__Goal of the exercise__
In the entries below, find each line bearing the string "imports" and copy it.

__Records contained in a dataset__
(* Let $(M_i)_{i\in I}$ be a family of sofic monoids (indexed by an arbitrary set $I$). Then the product monoid $\prod_{i\in I} M_i$ (with componentwise multiplication) is sofic.
   Context: For a non-empty finite set $X$, $\mathrm{Map}(X)$ is the monoid of all maps $X\to X$ under composition (identity $\mathrm{Id}_X$) with the Hamming metric $d_X(f,g)=|\{x\in X : f(x)\ne g(x)\}|/|X|$. For a monoid $M$, finite $K\subset M$ and $\varepsilon,\alpha>0$, a map $\varphi\colon M\to\mathrm{Map}(X)$ is a $(K,\varepsilon)$-morphism if $d_X(\varphi(k_1k_2),\varphi(k_1)\varphi(k_2))\le\varepsilon$ for all $k_1,k_2\in K$ and $d_X(\varphi(1_M),\mathrm{Id}_X)\le\varepsilon$; it is $(K,\alpha)$-injective if $d_X(\varphi(k_1),\varphi(k_2))\ge\alpha$ for all distinct $k_1,k_2\in K$. $M$ is sofic if for every finite $K\subset M$ and every $\varepsilon>0$ there exist a non-empty finite set $X$ and a $(K,1-\varepsilon)$-injective $(K,\varepsilon)$-morphism $\varphi\colon M\to\mathrm{Map}(X)$. *)

theory Defs
  imports Complex_Main "HOL-Algebra.Group" "HOL-Library.FuncSet"
begin

definition hamming :: "'x set \<Rightarrow> ('x \<Rightarrow> 'x) \<Rightarrow> ('x \<Rightarrow> 'x) \<Rightarrow> real" where
  "hamming X f g = real (card {x \<in> X. f x \<noteq> g x}) / real (card X)"

definition approx_morphism ::
  "('a, 'b) monoid_scheme \<Rightarrow> 'x set \<Rightarrow> 'a set \<Rightarrow> real \<Rightarrow> ('a \<Rightarrow> 'x \<Rightarrow> 'x) \<Rightarrow> bool" where
  "approx_morphism M X K \<epsilon> \<phi> \<longleftrightarrow>
     (\<forall>m \<in> carrier M. \<phi> m \<in> X \<rightarrow> X) \<and>
     (\<forall>k1 \<in> K. \<forall>k2 \<in> K. hamming X (\<phi> (k1 \<otimes>\<^bsub>M\<^esub> k2)) (\<phi> k1 \<circ> \<phi> k2) \<le> \<epsilon>) \<and>
     hamming X (\<phi> \<one>\<^bsub>M\<^esub>) id \<le> \<epsilon>"

definition approx_injective ::
  "'x set \<Rightarrow> 'a set \<Rightarrow> real \<Rightarrow> ('a \<Rightarrow> 'x \<Rightarrow> 'x) \<Rightarrow> bool" where
  "approx_injective X K \<alpha> \<phi> \<longleftrightarrow>
     (\<forall>k1 \<in> K. \<forall>k2 \<in> K. k1 \<noteq> k2 \<longrightarrow> hamming X (\<phi> k1) (\<phi> k2) \<ge> \<alpha>)"

text \<open>Sofic monoid. Finite sets X are taken inside nat (no loss: any finite set
  is in bijection with a finite set of naturals).\<close>
definition sofic :: "('a, 'b) monoid_scheme \<Rightarrow> bool" where
  "sofic M \<longleftrightarrow> monoid M \<and>
     (\<forall>K. K \<subseteq> carrier M \<and> finite K \<longrightarrow>
       (\<forall>\<epsilon>::real. \<epsilon> > 0 \<longrightarrow>
         (\<exists>(X::nat set) \<phi>. finite X \<and> X \<noteq> {} \<and>
            approx_morphism M X K \<epsilon> \<phi> \<and> approx_injective X K (1 - \<epsilon>) \<phi>)))"

definition prod_monoid :: "'i set \<Rightarrow> ('i \<Rightarrow> ('a, 'b) monoid_scheme) \<Rightarrow> ('i \<Rightarrow> 'a) monoid" where
  "prod_monoid I M =
     \<lparr> carrier = (\<Pi>\<^sub>E i\<in>I. carrier (M i)),
       mult = (\<lambda>f g. \<lambda>i\<in>I. f i \<otimes>\<^bsub>M i\<^esub> g i),
       one = (\<lambda>i\<in>I. \<one>\<^bsub>M i\<^esub>) \<rparr>"

end

theory Submission
  imports Defs "HOL-Library.Nat_Bijection"
begin

text \<open>Only finitely many coordinates are needed to separate the points of a finite set
  \<open>K\<close> of the product. For such coordinates \<open>j\<^sub>1, \<dots>, j\<^sub>n\<close>, the product of sofic
  approximations \<open>\<phi>\<^sub>i\<close> of the monoids \<open>M j\<^sub>i\<close>, acting on \<open>X\<^sub>1 \<times> \<dots> \<times> X\<^sub>n\<close> by
  \<open>m \<mapsto> \<phi>\<^sub>1 (m j\<^sub>1) \<times> \<dots> \<times> \<phi>\<^sub>n (m j\<^sub>n)\<close>, approximates the product monoid: the Hamming
  distance of a product of maps is at most the sum of the distances of the factors,
  so the multiplicativity defects add up to \<open>n \<delta>\<close>, and it is at least the distance
  of each factor, so two elements differing in some coordinate \<open>j\<^sub>i\<close> stay
  \<open>(1 - \<delta>)\<close>-apart. Taking \<open>\<delta> = \<epsilon> / (n + 1)\<close> gives the required approximation.\<close>

text \<open>Since approximations act on sets of naturals, \<open>X \<times> Y\<close> is transported into \<open>nat\<close>
  by the Cantor pairing \<open>prod_encode\<close>.\<close>

definition encode_map_prod :: "(nat \<Rightarrow> nat) \<Rightarrow> (nat \<Rightarrow> nat) \<Rightarrow> nat \<Rightarrow> nat" where
  "encode_map_prod f g = prod_encode \<circ> map_prod f g \<circ> prod_decode"

lemma encode_map_prod_encode [simp]:
  "encode_map_prod f g (prod_encode (a, b)) = prod_encode (f a, g b)"
  by (simp add: encode_map_prod_def)

lemma encode_map_prod_comp:
  "encode_map_prod f1 f2 \<circ> encode_map_prod g1 g2 = encode_map_prod (f1 \<circ> g1) (f2 \<circ> g2)"
  by (simp add: encode_map_prod_def fun_eq_iff prod.map_comp)

lemma encode_map_prod_id [simp]: "encode_map_prod id id = id"
  by (simp add: encode_map_prod_def fun_eq_iff prod.map_id)

lemma encode_map_prod_funcset:
  "f \<in> A \<rightarrow> A \<Longrightarrow> g \<in> B \<rightarrow> B \<Longrightarrow>
    encode_map_prod f g \<in> prod_encode ` (A \<times> B) \<rightarrow> prod_encode ` (A \<times> B)"
  by auto

lemma hamming_encode_map_prod:
  assumes "finite A" "finite B"
  shows "hamming (prod_encode ` (A \<times> B)) (encode_map_prod f1 f2) (encode_map_prod g1 g2) =
    card ({a \<in> A. f1 a \<noteq> g1 a} \<times> B \<union> A \<times> {b \<in> B. f2 b \<noteq> g2 b}) / (card A * card B)"
proof -
  have "{n \<in> prod_encode ` (A \<times> B). encode_map_prod f1 f2 n \<noteq> encode_map_prod g1 g2 n} =
      prod_encode ` ({a \<in> A. f1 a \<noteq> g1 a} \<times> B \<union> A \<times> {b \<in> B. f2 b \<noteq> g2 b})"
    by (auto simp: prod_encode_eq)
  then show ?thesis
    by (simp add: hamming_def card_image[OF inj_prod_encode] card_cartesian_product)
qed

lemma hamming_encode_map_prod_le:
  assumes "finite A" "finite B"
  shows "hamming (prod_encode ` (A \<times> B)) (encode_map_prod f1 f2) (encode_map_prod g1 g2)
    \<le> hamming A f1 g1 + hamming B f2 g2"
proof (cases "A = {} \<or> B = {}")
  case True
  then show ?thesis by (auto simp: hamming_def)
next
  case False
  define D1 where "D1 = {a \<in> A. f1 a \<noteq> g1 a}"
  define D2 where "D2 = {b \<in> B. f2 b \<noteq> g2 b}"
  have pos: "card A > 0" "card B > 0" using False assms by auto
  have "card (D1 \<times> B \<union> A \<times> D2) \<le> card D1 * card B + card A * card D2"
    using card_Un_le[of "D1 \<times> B" "A \<times> D2"] by (simp add: card_cartesian_product)
  then have "real (card (D1 \<times> B \<union> A \<times> D2)) / (card A * card B)
      \<le> (card D1 * card B + card A * card D2) / (card A * card B)"
    using pos by (intro divide_right_mono) (simp_all flip: of_nat_mult of_nat_add)
  also have "\<dots> = card D1 / card A + card D2 / card B"
    using pos by (simp add: field_simps)
  finally show ?thesis
    unfolding hamming_encode_map_prod[OF assms] unfolding hamming_def D1_def D2_def .
qed

lemma hamming_le_encode_map_prod_left:
  assumes "finite A" "finite B" "B \<noteq> {}"
  shows "hamming A f1 g1
    \<le> hamming (prod_encode ` (A \<times> B)) (encode_map_prod f1 f2) (encode_map_prod g1 g2)"
proof -
  define D1 where "D1 = {a \<in> A. f1 a \<noteq> g1 a}"
  define D2 where "D2 = {b \<in> B. f2 b \<noteq> g2 b}"
  have "finite (D1 \<times> B \<union> A \<times> D2)" using assms by (simp add: D1_def D2_def)
  then have "card D1 * card B \<le> card (D1 \<times> B \<union> A \<times> D2)"
    by (metis card_mono card_cartesian_product Un_upper1)
  then have "real (card D1 * card B) / (card A * card B)
      \<le> card (D1 \<times> B \<union> A \<times> D2) / (card A * card B)"
    by (intro divide_right_mono) (simp_all only: of_nat_le_iff of_nat_0_le_iff)
  then show ?thesis
    using assms unfolding hamming_encode_map_prod[OF assms(1,2)]
    unfolding hamming_def D1_def D2_def by simp
qed

lemma hamming_le_encode_map_prod_right:
  assumes "finite A" "finite B" "A \<noteq> {}"
  shows "hamming B f2 g2
    \<le> hamming (prod_encode ` (A \<times> B)) (encode_map_prod f1 f2) (encode_map_prod g1 g2)"
proof -
  define D1 where "D1 = {a \<in> A. f1 a \<noteq> g1 a}"
  define D2 where "D2 = {b \<in> B. f2 b \<noteq> g2 b}"
  have "finite (D1 \<times> B \<union> A \<times> D2)" using assms by (simp add: D1_def D2_def)
  then have "card A * card D2 \<le> card (D1 \<times> B \<union> A \<times> D2)"
    by (metis card_mono card_cartesian_product Un_upper2)
  then have "real (card A * card D2) / (card A * card B)
      \<le> card (D1 \<times> B \<union> A \<times> D2) / (card A * card B)"
    by (intro divide_right_mono) (simp_all only: of_nat_le_iff of_nat_0_le_iff)
  then show ?thesis
    using assms unfolding hamming_encode_map_prod[OF assms(1,2)]
    unfolding hamming_def D1_def D2_def by simp
qed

__Reply__
  imports Complex_Main "HOL-Algebra.Group" "HOL-Library.FuncSet"
  imports Defs "HOL-Library.Nat_Bijection"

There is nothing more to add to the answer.